I was planning to write a nice coherent post about visiting the city where we used to live, with the friends we used to see casually all the time... but that post will have to wait, because today I got two things - another negative HPT (at 14DPO) and a pregnancy announcement from the only friend here that I’ve talked to about all of this. So as you can probably imagine, I’m not really in any shape to wax poetic about what our lives would be like if we lived where we used to. (Except to say that we used to live in a state that mandates insurance coverage for fertility treatments, which might be part of my drive to move back there.)

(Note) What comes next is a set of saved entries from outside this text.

(* For every positive integer $n$, \[ \sum_{w \in B_n} t^{\mathrm{fdes}(w)}q^{\mathrm{fmaj}(w)} = \Big(\sum_{u\in S_n} t^{\mathrm{des}(u)}q^{\mathrm{maj}(u)}\Big)\cdot\prod_{i=1}^n (1+tq^i).\]
   Context: $S_n$ is the set of permutations of $[n]=\{1,\dots,n\}$, written as words $u=u_1\cdots u_n$. $B_n$ is the set of signed permutations: words $w=w_1\cdots w_n$ on the alphabet $\{\bar 1,1,\dots,\bar n,n\}$ (where $\bar i=-i$) such that $|w_1|\cdots|w_n|$ is a permutation in $S_n$. The alphabet is totally ordered by $\bar 1<\bar 2<\cdots<\bar n<1<2<\cdots<n$. For a word $w$ over a totally ordered alphabet, $\mathrm{Des}(w)=\{i: w_i>w_{i+1}\}$, $\mathrm{des}(w)=|\mathrm{Des}(w)|$, and $\mathrm{maj}(w)=\sum_{i\in\mathrm{Des}(w)} i$. For $w\in B_n$: $\mathrm{fdes}(w)=2\,\mathrm{des}(w)+1$ if $w_1<0$ and $\mathrm{fdes}(w)=2\,\mathrm{des}(w)$ if $w_1>0$; $\mathrm{fmaj}(w)=2\,\mathrm{maj}(w)+|\{i:w_i<0\}|$. *)

theory Defs
  imports Main
begin

text \<open>Words are lists; positions are 1-based as in the paper: position i (1 \<le> i < length w)
  is a descent w.r.t. the strict order lt if w_i > w_(i+1), i.e. lt (w!i) (w!(i-1)).\<close>

definition Des_wrt :: "('a \<Rightarrow> 'a \<Rightarrow> bool) \<Rightarrow> 'a list \<Rightarrow> nat set" where
  "Des_wrt lt w = {i. 1 \<le> i \<and> i < length w \<and> lt (w ! i) (w ! (i - 1))}"

definition des_wrt :: "('a \<Rightarrow> 'a \<Rightarrow> bool) \<Rightarrow> 'a list \<Rightarrow> nat" where
  "des_wrt lt w = card (Des_wrt lt w)"

definition maj_wrt :: "('a \<Rightarrow> 'a \<Rightarrow> bool) \<Rightarrow> 'a list \<Rightarrow> nat" where
  "maj_wrt lt w = (\<Sum>i\<in>Des_wrt lt w. i)"

definition Sn :: "nat \<Rightarrow> nat list set" where
  "Sn n = {u. length u = n \<and> distinct u \<and> set u = {1..n}}"

text \<open>Signed permutations: words over nonzero integers (bar i = -i) whose absolute values
  form a permutation of [n].\<close>
definition Bn :: "nat \<Rightarrow> int list set" where
  "Bn n = {w. length w = n \<and> distinct (map abs w) \<and> set (map abs w) = {1..int n}}"

text \<open>The order bar1 < bar2 < ... < barn < 1 < 2 < ... < n on the signed alphabet.\<close>
definition sless :: "int \<Rightarrow> int \<Rightarrow> bool" where
  "sless a b = (if a < 0 \<and> b < 0 then \<bar>a\<bar> < \<bar>b\<bar> else a < b)"

definition fdes :: "int list \<Rightarrow> nat" where
  "fdes w = 2 * des_wrt sless w + (if hd w < 0 then 1 else 0)"

definition fmaj :: "int list \<Rightarrow> nat" where
  "fmaj w = 2 * maj_wrt sless w + length (filter (\<lambda>x. x < 0) w)"

end

theory Submission
  imports Defs
begin

(* A signed permutation w is the same thing as a pair (u, e) of a permutation
   u = |w_1| ... |w_n| in S_n and a sign vector e (e_i = True iff w_i < 0).  In the signed
   order bar 1 < ... < bar n < 1 < ... < n, comparing two signed letters only depends on
   their signs and on the comparison of their absolute values (bar x < bar y iff x < y).
   Hence, fixing u and appending one letter at a time, the weight t^fdes q^fmaj of the signed
   word changes by a factor that depends only on the last two signs and on whether u has a
   descent at the new position.  Summing over the sign vectors with prescribed last sign b,
   a two-term recurrence gives
     sum over e with last e = b  =  (t q^n if b else 1) * t^des(u) q^maj(u) * prod_{i<n} (1 + t q^i),
   and adding both values of b yields t^des(u) q^maj(u) * prod_{i<=n} (1 + t q^i). *)

section \<open>Descent statistics of a word extended by one letter\<close>

lemma finite_Des_wrt: "finite (Des_wrt lt xs)"
  unfolding Des_wrt_def by (rule finite_subset[of _ "{..<length xs}"]) auto

lemma length_notin_Des_wrt: "length xs \<notin> Des_wrt lt xs"
  unfolding Des_wrt_def by auto

lemma Des_wrt_snoc:
  "Des_wrt lt (xs @ [y]) =
     Des_wrt lt xs \<union> (if xs \<noteq> [] \<and> lt y (last xs) then {length xs} else {})"
proof (rule set_eqI)
  fix i
  consider "i < length xs" | "i = length xs" | "i > length xs" by linarith
  then show "i \<in> Des_wrt lt (xs @ [y]) \<longleftrightarrow>
      i \<in> Des_wrt lt xs \<union> (if xs \<noteq> [] \<and> lt y (last xs) then {length xs} else {})"
  proof cases
    case 2
    then show ?thesis unfolding Des_wrt_def
      by (cases xs rule: rev_cases) (auto simp: nth_append)
  qed (auto simp: Des_wrt_def nth_append)
qed

lemma des_wrt_snoc:
  "des_wrt lt (xs @ [y]) = des_wrt lt xs + (if xs \<noteq> [] \<and> lt y (last xs) then 1 else 0)"
  unfolding des_wrt_def Des_wrt_snoc by (simp add: finite_Des_wrt length_notin_Des_wrt)

lemma maj_wrt_snoc:
  "maj_wrt lt (xs @ [y]) = maj_wrt lt xs + (if xs \<noteq> [] \<and> lt y (last xs) then length xs else 0)"
  unfolding maj_wrt_def Des_wrt_snoc by (simp add: finite_Des_wrt length_notin_Des_wrt)

lemma Des_wrt_singleton: "Des_wrt lt [x] = {}"
  unfolding Des_wrt_def by auto

section \<open>Signed words and their weights\<close>

definition sign_letter :: "bool \<Rightarrow> nat \<Rightarrow> int" where
  "sign_letter b x = (if b then - int x else int x)"

definition signed :: "bool list \<Rightarrow> nat list \<Rightarrow> int list" where
  "signed e u = map2 sign_letter e u"

lemma length_signed: "length e = length u \<Longrightarrow> length (signed e u) = length u"
  by (simp add: signed_def)

lemma signed_snoc:
  "length e = length u \<Longrightarrow> signed (e @ [b]) (u @ [x]) = signed e u @ [sign_letter b x]"
  by (simp add: signed_def)

lemma last_signed:
  "length e = length u \<Longrightarrow> u \<noteq> [] \<Longrightarrow> last (signed e u) = sign_letter (last e) (last u)"
proof (induction e u rule: list_induct2)
  case (Cons c e y u)
  then show ?case by (cases u; cases e) (auto simp: signed_def)
qed simp

definition signed_less :: "bool \<Rightarrow> nat \<Rightarrow> bool \<Rightarrow> nat \<Rightarrow> bool" where
  "signed_less b x c y = (if b = c then x < y else b \<and> \<not> c)"

lemma sless_sign_letter:
  "0 < x \<Longrightarrow> 0 < y \<Longrightarrow> sless (sign_letter b x) (sign_letter c y) = signed_less b x c y"
  by (auto simp: sless_def sign_letter_def signed_less_def)

definition weight :: "'a::comm_ring_1 \<Rightarrow> 'a \<Rightarrow> bool list \<Rightarrow> nat list \<Rightarrow> 'a" where
  "weight t q e u = t ^ fdes (signed e u) * q ^ fmaj (signed e u)"

text \<open>The factor by which the weight grows when the letter x with sign b is appended to a
  signed word of length k whose last letter is y with sign c: t^2 q^(2k) if a descent is
  created at position k, times q if the new letter is negative.\<close>
definition extension_factor :: "'a::comm_ring_1 \<Rightarrow> 'a \<Rightarrow> nat \<Rightarrow> bool \<Rightarrow> nat \<Rightarrow> bool \<Rightarrow> nat \<Rightarrow> 'a" where
  "extension_factor t q k b x c y =
     (if signed_less b x c y then t^2 * q^(2 * k) else 1) * (if b then q else 1)"

lemma weight_snoc:
  assumes len: "length e = length u" and "u \<noteq> []" and "0 < x" and "0 < last u"
  shows "weight t q (e @ [b]) (u @ [x]) =
         weight t q e u * extension_factor t q (length u) b x (last e) (last u)"
proof -
  have ne: "signed e u \<noteq> []" using assms length_signed by fastforce
  have descent: "sless (sign_letter b x) (last (signed e u)) = signed_less b x (last e) (last u)"
    using assms by (simp add: last_signed sless_sign_letter)
  have neg: "length (filter (\<lambda>x. x < 0) [sign_letter b x]) = (if b then 1 else 0)"
    using \<open>0 < x\<close> by (simp add: sign_letter_def)
  have hd_eq: "hd (signed e u @ [sign_letter b x]) = hd (signed e u)"
    using ne by (cases "signed e u") auto
  have fdes_eq: "fdes (signed (e @ [b]) (u @ [x])) =
      fdes (signed e u) + (if signed_less b x (last e) (last u) then 2 else 0)"
    unfolding fdes_def signed_snoc[OF len] des_wrt_snoc hd_eq using ne descent by auto
  have fmaj_eq: "fmaj (signed (e @ [b]) (u @ [x])) = fmaj (signed e u)
      + (if signed_less b x (last e) (last u) then 2 * length u else 0) + (if b then 1 else 0)"
    unfolding fmaj_def signed_snoc[OF len] maj_wrt_snoc
    using ne descent neg length_signed[OF len] by auto
  show ?thesis unfolding weight_def extension_factor_def fdes_eq fmaj_eq
    by (auto simp: power_add power_mult algebra_simps)
qed

lemma des_maj_weight_snoc:
  fixes t q :: "'a::comm_ring_1"
  assumes "xs \<noteq> []"
  shows "t ^ des_wrt (<) (xs @ [x]) * q ^ maj_wrt (<) (xs @ [x]) =
         t ^ des_wrt (<) xs * q ^ maj_wrt (<) xs * (if x < last xs then t * q ^ length xs else 1)"
  unfolding des_wrt_snoc maj_wrt_snoc using assms by (auto simp: power_add algebra_simps)

section \<open>Summing over sign vectors\<close>

text \<open>The algebraic heart of the recurrence: summing the extension factor over the previous
  last sign c, weighted by its generating factor (t q^k if c is negative), factorizes.\<close>
lemma extension_factor_sum:
  fixes t q :: "'a::comm_ring_1"
  shows "extension_factor t q k b x False y + t * q ^ k * extension_factor t q k b x True y
       = (if b then t * q ^ Suc k else 1) * (if x < y then t * q ^ k else 1) * (1 + t * q ^ k)"
proof -
  have "q ^ (2 * k) = q ^ k * q ^ k" by (simp add: power_add mult_2)
  then show ?thesis unfolding extension_factor_def signed_less_def
    by (auto simp: power2_eq_square algebra_simps)
qed

lemma sign_vectors_snoc:
  "{e. length e = Suc k \<and> last e = b} = (\<lambda>e'. e' @ [b]) ` {e'. length e' = k}"
proof (rule set_eqI, rule iffI)
  fix e assume "e \<in> {e. length e = Suc k \<and> last e = b}"
  then show "e \<in> (\<lambda>e'. e' @ [b]) ` {e'. length e' = k}"
    by (cases e rule: rev_cases) auto
qed auto

lemma finite_sign_vectors: "finite {e::bool list. length e = k \<and> P e}"
  by (rule finite_subset[OF _ finite_lists_length_eq[of "UNIV::bool set" k]]) auto

lemma sum_sign_vectors_by_last:
  assumes "0 < k"
  shows "(\<Sum>e\<in>{e::bool list. length e = k}. f e) =
         (\<Sum>e\<in>{e. length e = k \<and> last e = False}. f e) + (\<Sum>e\<in>{e. length e = k \<and> last e = True}. f e)"
proof -
  have split: "{e::bool list. length e = k} =
        {e. length e = k \<and> last e = False} \<union> {e. length e = k \<and> last e = True}"
    by auto
  show ?thesis
    unfolding split by (rule sum.union_disjoint) (auto simp: finite_sign_vectors)
qed

text \<open>One step of the transfer recurrence: the signings of xs @ [x] with last sign b are the
  signings of xs extended by b, so their weight sum is a combination of the two sums for xs.\<close>
lemma sum_weight_snoc:
  fixes t q :: "'a::comm_ring_1"
  assumes "xs \<noteq> []" and "\<forall>y\<in>set xs. 0 < y" and "0 < x"
  shows "(\<Sum>e\<in>{e. length e = length (xs @ [x]) \<and> last e = b}. weight t q e (xs @ [x])) =
     (\<Sum>e\<in>{e. length e = length xs \<and> last e = False}. weight t q e xs) *
       extension_factor t q (length xs) b x False (last xs) +
     (\<Sum>e\<in>{e. length e = length xs \<and> last e = True}. weight t q e xs) *
       extension_factor t q (length xs) b x True (last xs)" (is "_ = ?rhs")
proof -
  have "0 < last xs" using assms by auto
  have "(\<Sum>e\<in>{e. length e = length (xs @ [x]) \<and> last e = b}. weight t q e (xs @ [x]))
      = (\<Sum>e\<in>{e. length e = length xs}. weight t q (e @ [b]) (xs @ [x]))"
    unfolding length_append_singleton sign_vectors_snoc
    by (subst sum.reindex) (auto simp: inj_on_def)
  also have "\<dots> = (\<Sum>e\<in>{e. length e = length xs}.
                    weight t q e xs * extension_factor t q (length xs) b x (last e) (last xs))"
    using assms \<open>0 < last xs\<close> by (intro sum.cong) (auto simp: weight_snoc)
  also have "\<dots> = ?rhs"
    using assms by (simp add: sum_sign_vectors_by_last sum_distrib_right)
  finally show ?thesis .
qed

lemma sum_weight_last_sign:
  fixes t q :: "'a::comm_ring_1"
  assumes "u \<noteq> []" and "\<forall>x\<in>set u. 0 < x"
  shows "(\<Sum>e\<in>{e. length e = length u \<and> last e = b}. weight t q e u) =
     (if b then t * q ^ length u else 1) * (t ^ des_wrt (<) u * q ^ maj_wrt (<) u) *
     (\<Prod>i=1..length u - 1. 1 + t * q ^ i)"
  using assms
proof (induction u arbitrary: b rule: rev_induct)
  case Nil
  then show ?case by simp
next
  case (snoc x xs)
  show ?case
  proof (cases "xs = []")
    case True
    have "{e::bool list. length e = length (xs @ [x]) \<and> last e = b} = {[b]}"
      using True by (auto simp: length_Suc_conv)
    then show ?thesis using True snoc.prems
      by (auto simp: weight_def fdes_def fmaj_def signed_def sign_letter_def
                     des_wrt_def maj_wrt_def Des_wrt_singleton)
  next
    case False
    define k where "k = length xs"
    have "0 < k" using False k_def by auto
    have pos: "\<forall>y\<in>set xs. 0 < y" "0 < x" using snoc.prems by auto
    define T where "T = t ^ des_wrt (<) xs * q ^ maj_wrt (<) xs"
    define P where "P = (\<Prod>i=1..k - 1. 1 + t * q ^ i)"
    have IH: "(\<Sum>e\<in>{e. length e = k \<and> last e = c}. weight t q e xs) =
              (if c then t * q ^ k else 1) * T * P" for c
      using snoc.IH[OF False pos(1), of c] unfolding k_def T_def P_def .
    have "(\<Sum>e\<in>{e. length e = length (xs @ [x]) \<and> last e = b}. weight t q e (xs @ [x]))
        = T * P * (extension_factor t q k b x False (last xs) +
                   t * q ^ k * extension_factor t q k b x True (last xs))"
      unfolding sum_weight_snoc[OF False pos] IH[unfolded k_def] k_def by (simp add: algebra_simps)
    also have "\<dots> = (if b then t * q ^ Suc k else 1) *
        (T * (if x < last xs then t * q ^ k else 1)) * (P * (1 + t * q ^ k))"
      by (subst extension_factor_sum) (simp add: ac_simps)
    also have "\<dots> = (if b then t * q ^ length (xs @ [x]) else 1) *
        (t ^ des_wrt (<) (xs @ [x]) * q ^ maj_wrt (<) (xs @ [x])) *
        (\<Prod>i=1..length (xs @ [x]) - 1. 1 + t * q ^ i)"
      using \<open>0 < k\<close> unfolding des_maj_weight_snoc[OF False] T_def P_def k_def
      by (cases "length xs") (auto simp: prod.cl_ivl_Suc)
    finally show ?thesis .
  qed
qed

So, the newly pregnant friend sent an email, because she (reasonably, of course) didn’t know how I’d react and wanted to give me the space to respond however I needed. Which was tearing up, closing up my computer without completely reading the message, and fleeing the (too public) computer lab. I cried as I walked to my car (thank goodness for days that justify sunglasses) and then when I had safely closed myself into my car I started sobbing. Loudly. And that’s what I’ve been doing on and off for the past several hours. I stopped long enough to go to the grocery store, since we just got back and have nothing to eat, but I sniffled as I walked past the baby aisle, and again every time I saw a stroller. And then I got back in my car and sobbed some more.
WHY? Why, if everything was so perfect this past cycle, am I still getting negative pg tests? Why, with the meds and the acupuncture and the herbs and the diet modifications - why isn’t it working? Why am I putting myself through all of this if there’s no positive result at the end of it all? Why is it so easy for other people? Why did she have to tell me today?